The web-based e-mail system runs off a Sun Solaris server, while
production data, including accounting programs, runs off IBM
iSeries and zSeries mainframes. The e-mail application is a
proprietary program based on Java. It's used for sending
securities-related data to fund managers, who are online using
either the Society for Worldwide Interbank Financial
Telecommunications (SWIFT) industry messaging standard or
Northern's web-based product.
"Before, it took 10 people to process 1,000 trades a day, and
now it takes four people," says Parker. But there is risk involved
in moving to an all-electronic process. "If you get a trade wrong,
the most you're going to pay for is the lost interest on the trade.
If you get a corporate action wrong, you might have to sell a
security you got by mistake. That could be 17 cents, or it could be
millions of dollars," she says.
IT managers say that the benefits of STP outweigh the risks. A
move to an all-electronic flow of information allows managers and
broker/dealers to see a stock price first and react to it, which
can translate into increased profitability and improved customer
service, according to Larry Tabb, an analyst at research specialist
TowerGroup.
Electronic systems also require fewer salespeople, who are
normally busy writing down orders and having staff keypunch
information into back-end systems. STP also helps remove errors
from orders that in a manual process can be entered at any point as
orders move internally and externally from a fund manager or retail
broker to a custodian bank and a clearing house.
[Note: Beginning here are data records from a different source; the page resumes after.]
(* Let $E$ be a real affine space of dimension $n\ge1$ with a system of coordinates $\mathcal L=(\ell_1,\dots,\ell_n)$. Let $(\mu^p)$ be a sequence in $\mathcal M(E)$ converging narrowly to $\mu\in\mathcal M(E)$. If all the measures $\mu^p$ have a common center $x$ with respect to $\mathcal L$, then $x$ is also a center of $\mu$ with respect to $\mathcal L$.
   Context: $\vec E$ is the vector space of $E$. A partition of $E$ is a collection of subsets covering $E$ whose distinct members have disjoint interiors. Yao-Yao partitions and their centers are defined by induction on dimension: if $E=\{x\}$, the Yao-Yao partition is $\{\{x\}\}$, with center $x$; if $\dim E=n\ge1$, $\mathcal P$ is a Yao-Yao partition of $E$ with center $x$ if there exist an affine hyperplane $F$, a vector $v\in\vec E\setminus\vec F$ and two Yao-Yao partitions $\mathcal P_1,\mathcal P_{-1}$ of $F$ with the same center $x$ such that $\mathcal P=\{A+\mathbb R_-v: A\in\mathcal P_{-1}\}\cup\{A+\mathbb R_+v: A\in\mathcal P_1\}$. A system of coordinates is a family $(\ell_1,\dots,\ell_n)$ of affine forms such that $x\mapsto(\ell_i(x))_i$ is a bijection $E\to\mathbb R^n$; write $x_i=\ell_i(x)$. Such a partition, given by $F,v,x,\mathcal P_1,\mathcal P_{-1}$, is adapted to $(\ell_1,\dots,\ell_n)$ if $F=\{z: z_1=x_1\}$ and $\mathcal P_1,\mathcal P_{-1}$ are adapted to $(\ell_2|_F,\dots,\ell_n|_F)$ (in dimension $0$ every Yao-Yao partition is adapted). $\mathcal M(E)$ is the set of finite non-negative Borel measures on $E$ vanishing on every affine hyperplane. A Yao-Yao equipartition for $\mu$ is a Yao-Yao partition $\mathcal P$ with $\mu(A)=2^{-n}\mu(E)$ for all $A\in\mathcal P$. A center of $\mu$ with respect to $\mathcal L$ is the center of a Yao-Yao equipartition for $\mu$ adapted to $\mathcal L$. A sequence $(\mu^p)$ converges narrowly to $\mu$ if $\int\phi\,d\mu^p\to\int\phi\,d\mu$ for every bounded continuous function $\phi$ on $E$. *)

theory Defs
  imports "HOL-Probability.Probability"
begin

text \<open>The ambient real affine space E is modelled by a Euclidean space type 'a
  (viewed as an affine space); its vector space is 'a itself.\<close>

definition affine_form :: "('a::real_vector \<Rightarrow> real) \<Rightarrow> bool" where
  "affine_form l \<longleftrightarrow> (\<exists>f c. linear f \<and> (\<forall>z. l z = f z + c))"

definition coord_system :: "('a::real_vector \<Rightarrow> real) list \<Rightarrow> bool" where
  "coord_system Ls \<longleftrightarrow> (\<forall>l\<in>set Ls. affine_form l) \<and>
     bij_betw (\<lambda>z. map (\<lambda>l. l z) Ls) UNIV {xs :: real list. length xs = length Ls}"

definition ray_sum :: "'a::real_vector set \<Rightarrow> 'a \<Rightarrow> 'a set" where
  "ray_sum A v = {a + t *\<^sub>R v | a t. a \<in> A \<and> t \<ge> 0}"

text \<open>yy_adapted S Ls x P: P is a Yao-Yao partition of the affine subspace S with
  center x, adapted to the coordinates Ls (restricted to S).  In the step,
  F = {z in S. z_1 = x_1}; the vector v lies in vec S (x + v in S) but not in
  vec F (l(x+v) \<noteq> l x); P_1 and P_{-1} are Yao-Yao partitions of F with center x
  adapted to the remaining coordinates restricted to F.  The Yao-Yao partition is
  {A + R_- v : A in P_{-1}} \<union> {A + R_+ v : A in P_1}, and A + R_- v = A + R_+ (-v).\<close>
inductive yy_adapted :: "'a::real_vector set \<Rightarrow> ('a \<Rightarrow> real) list \<Rightarrow> 'a \<Rightarrow> 'a set set \<Rightarrow> bool"
  where
  base: "yy_adapted {x} [] x {{x}}"
| step: "\<lbrakk> x \<in> S; x + v \<in> S; l (x + v) \<noteq> l x; F = {z \<in> S. l z = l x};
           yy_adapted F Ls x P1; yy_adapted F Ls x Pm1;
           P = (\<lambda>A. ray_sum A (- v)) ` Pm1 \<union> (\<lambda>A. ray_sum A v) ` P1 \<rbrakk>
         \<Longrightarrow> yy_adapted S (l # Ls) x P"

definition meas_M :: "'a::euclidean_space measure \<Rightarrow> bool" where
  "meas_M \<mu> \<longleftrightarrow> sets \<mu> = sets borel \<and> finite_measure \<mu> \<and>
     (\<forall>a b. a \<noteq> 0 \<longrightarrow> emeasure \<mu> {z. a \<bullet> z = b} = 0)"

definition narrow_conv :: "(nat \<Rightarrow> 'a::euclidean_space measure) \<Rightarrow> 'a measure \<Rightarrow> bool" where
  "narrow_conv \<mu>s \<mu> \<longleftrightarrow> (\<forall>\<phi> :: 'a \<Rightarrow> real. continuous_on UNIV \<phi> \<and> bounded (range \<phi>) \<longrightarrow>
     (\<lambda>p. integral\<^sup>L (\<mu>s p) \<phi>) \<longlonglongrightarrow> integral\<^sup>L \<mu> \<phi>)"

definition yy_equipartition :: "'a::euclidean_space measure \<Rightarrow> 'a set set \<Rightarrow> bool" where
  "yy_equipartition \<mu> P \<longleftrightarrow>
     (\<forall>A\<in>P. measure \<mu> A = measure \<mu> UNIV / 2 ^ DIM('a))"

definition is_center :: "'a::euclidean_space measure \<Rightarrow> ('a \<Rightarrow> real) list \<Rightarrow> 'a \<Rightarrow> bool" where
  "is_center \<mu> Ls x \<longleftrightarrow> (\<exists>P. yy_adapted UNIV Ls x P \<and> yy_equipartition \<mu> P)"

end

theory Submission
  imports Defs
begin

text \<open>The proof is by induction on the number of coordinates, for measures carried by an affine
  subspace \<open>S\<close> through \<open>x\<close>. An adapted Yao-Yao partition is given by a direction \<open>w\<close>, normalised
  by \<open>\<ell>\<^sub>1(x + w) = \<ell>\<^sub>1(x) + 1\<close>, and two adapted partitions of the section \<open>F = {\<ell>\<^sub>1 = \<ell>\<^sub>1(x)}\<close>;
  its cells \<open>A + \<real>\<^sub>\<plusminus> w\<close> are the preimages of the cells \<open>A\<close> of \<open>F\<close> under the projection onto \<open>F\<close>
  along \<open>w\<close>, restricted to a half-space. The directions \<open>w\<^sub>p\<close> belonging to the \<open>\<mu>\<^sup>p\<close> stay bounded, so
  along a subsequence they converge to some \<open>w\<close>. Since \<open>\<mu>\<close> does not charge the boundary hyperplane,
  the projections of the two halves of \<open>\<mu>\<^sup>p\<close> along \<open>w\<^sub>p\<close> converge narrowly to those of \<open>\<mu>\<close> along \<open>w\<close>,
  and the induction hypothesis on \<open>F\<close> yields the two partitions of the section for \<open>\<mu>\<close>.\<close>

section \<open>Affine forms, rays and projections\<close>

lemma affine_form_inner:
  fixes l :: "'a::euclidean_space \<Rightarrow> real"
  assumes "affine_form l"
  obtains a c where "\<And>z. l z = a \<bullet> z + c"
proof -
  obtain f c where f: "linear f" "\<And>z. l z = f z + c"
    using assms unfolding affine_form_def by blast
  have "f z = adjoint f 1 \<bullet> z" for z
    using adjoint_works[OF f(1), of z 1] by (simp add: inner_commute)
  then show thesis using f(2) by (intro that[of "adjoint f 1" c]) simp
qed

lemma affine_form_inner_plus: "affine_form (\<lambda>z. a \<bullet> z + c)"
  unfolding affine_form_def
  by (intro exI[of _ "inner a"] exI[of _ c]) (simp add: bounded_linear.linear[OF bounded_linear_inner_right])

lemma continuous_on_affine_form:
  fixes l :: "'a::euclidean_space \<Rightarrow> real"
  assumes "affine_form l"
  shows "continuous_on S l"
proof -
  obtain a c where "\<And>z. l z = a \<bullet> z + c" using affine_form_inner[OF assms] by blast
  then have "l = (\<lambda>z. a \<bullet> z + c)" by auto
  then show ?thesis by (simp add: continuous_on_add continuous_on_inner continuous_on_const continuous_on_id)
qed

lemma affine_level_set:
  fixes l :: "'a::euclidean_space \<Rightarrow> real"
  assumes "affine S" "affine_form l"
  shows "affine {z\<in>S. l z = d}"
proof -
  obtain a c where l: "\<And>z. l z = a \<bullet> z + c" using affine_form_inner[OF assms(2)] by blast
  have "{z\<in>S. l z = d} = S \<inter> {z. a \<bullet> z = d - c}" by (auto simp: l)
  then show ?thesis using affine_Int[OF assms(1) affine_hyperplane] by simp
qed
Integrating internal systems
Because banks work with multiple brokerages to authorise the
release of funds that are used to cover securities trades, the
manual approval processes used today can take several days to clear
even one trade.
"Firms use multiple systems, and not all of them are linked
together. The issues have to do with linking all the systems
together so transactions flow from one to another with no one
handling it. There are snafus everywhere along the line," says
Tabb.
Internal message standards for cash reporting, bulk payments,
investment funds, securities pretrade processes and
customer-to-bank credit transfers are virtually nonexistent, say
analysts.
Applications and messaging systems within securities firms and
banks weren't created with consistent architectures, so middleware
is needed to send data from one message format, such as the
Financial Information Exchange (FIX) protocol, to back-end systems
that may use proprietary formats.
Generally, high-value customers - those who trade more than
$100,000 a day - call brokers or sales representatives on a trading
desk to check their account balances, stock holdings and what
excess cash they might have to invest. Sales representatives then
write up order tickets by hand and fax them to an operations
department, where someone else keys in the order into back-office
systems. Those orders then have to be reconciled between the front
and back office to make sure all the tickets were received without
any missed trades.
Virtual matching utilities
One key issue for all companies participating in securities
trading is connectivity to nascent VMUs, such as Boston-based Omgeo
LLC and the Zurich-based Global Straight-Through Processing
Association. Matching in post-trade message instructions at one
centralised datacentre creates an unbroken flow of electronic data
between financial services firms.
Matching utilities are basically trading traffic managers. They
use large servers or mainframes and common messaging formats based
on XML to allow broker/dealers and investment managers to
communicate with one another and assemble the many pieces of data
required for a trade to be confirmed before being sent on for
settlement by a custodian bank.
Royal London Asset Management has been integrating back-office
systems for about a year and plugged into Omgeo's Central Trade
Manager (CTM) VMU about three months ago. Before that, the
London-based bank was taking an average of 20 hours to get
confirmation of a trade, according to Julian Baines, Royal London's
investment servicing manager, who oversaw the deployment of Omgeo's
technology at his company. The same process now takes three hours,
he says.
Also, prior to using Omgeo, Royal London's fund managers input
data onto databases that were transferred daily in batch mode to a
back-office system, where the trades were physically examined by
clerks on the company's settlement team. Those clerks in turn
printed an electronic confirmation and used that to discover
exceptions or mistakes.
"Fifty percent of those orders were failing on poor allocation
data, poor information to brokers or vice versa," says Baines, who
adds that errors were virtually eliminated with the new electronic
messaging system. Royal London uses an application programming
interface gateway device on an existing Windows NT server that
translates code from its Thomson Financial's Icon investment
management, valuation and accounting system into Omgeo's CTM.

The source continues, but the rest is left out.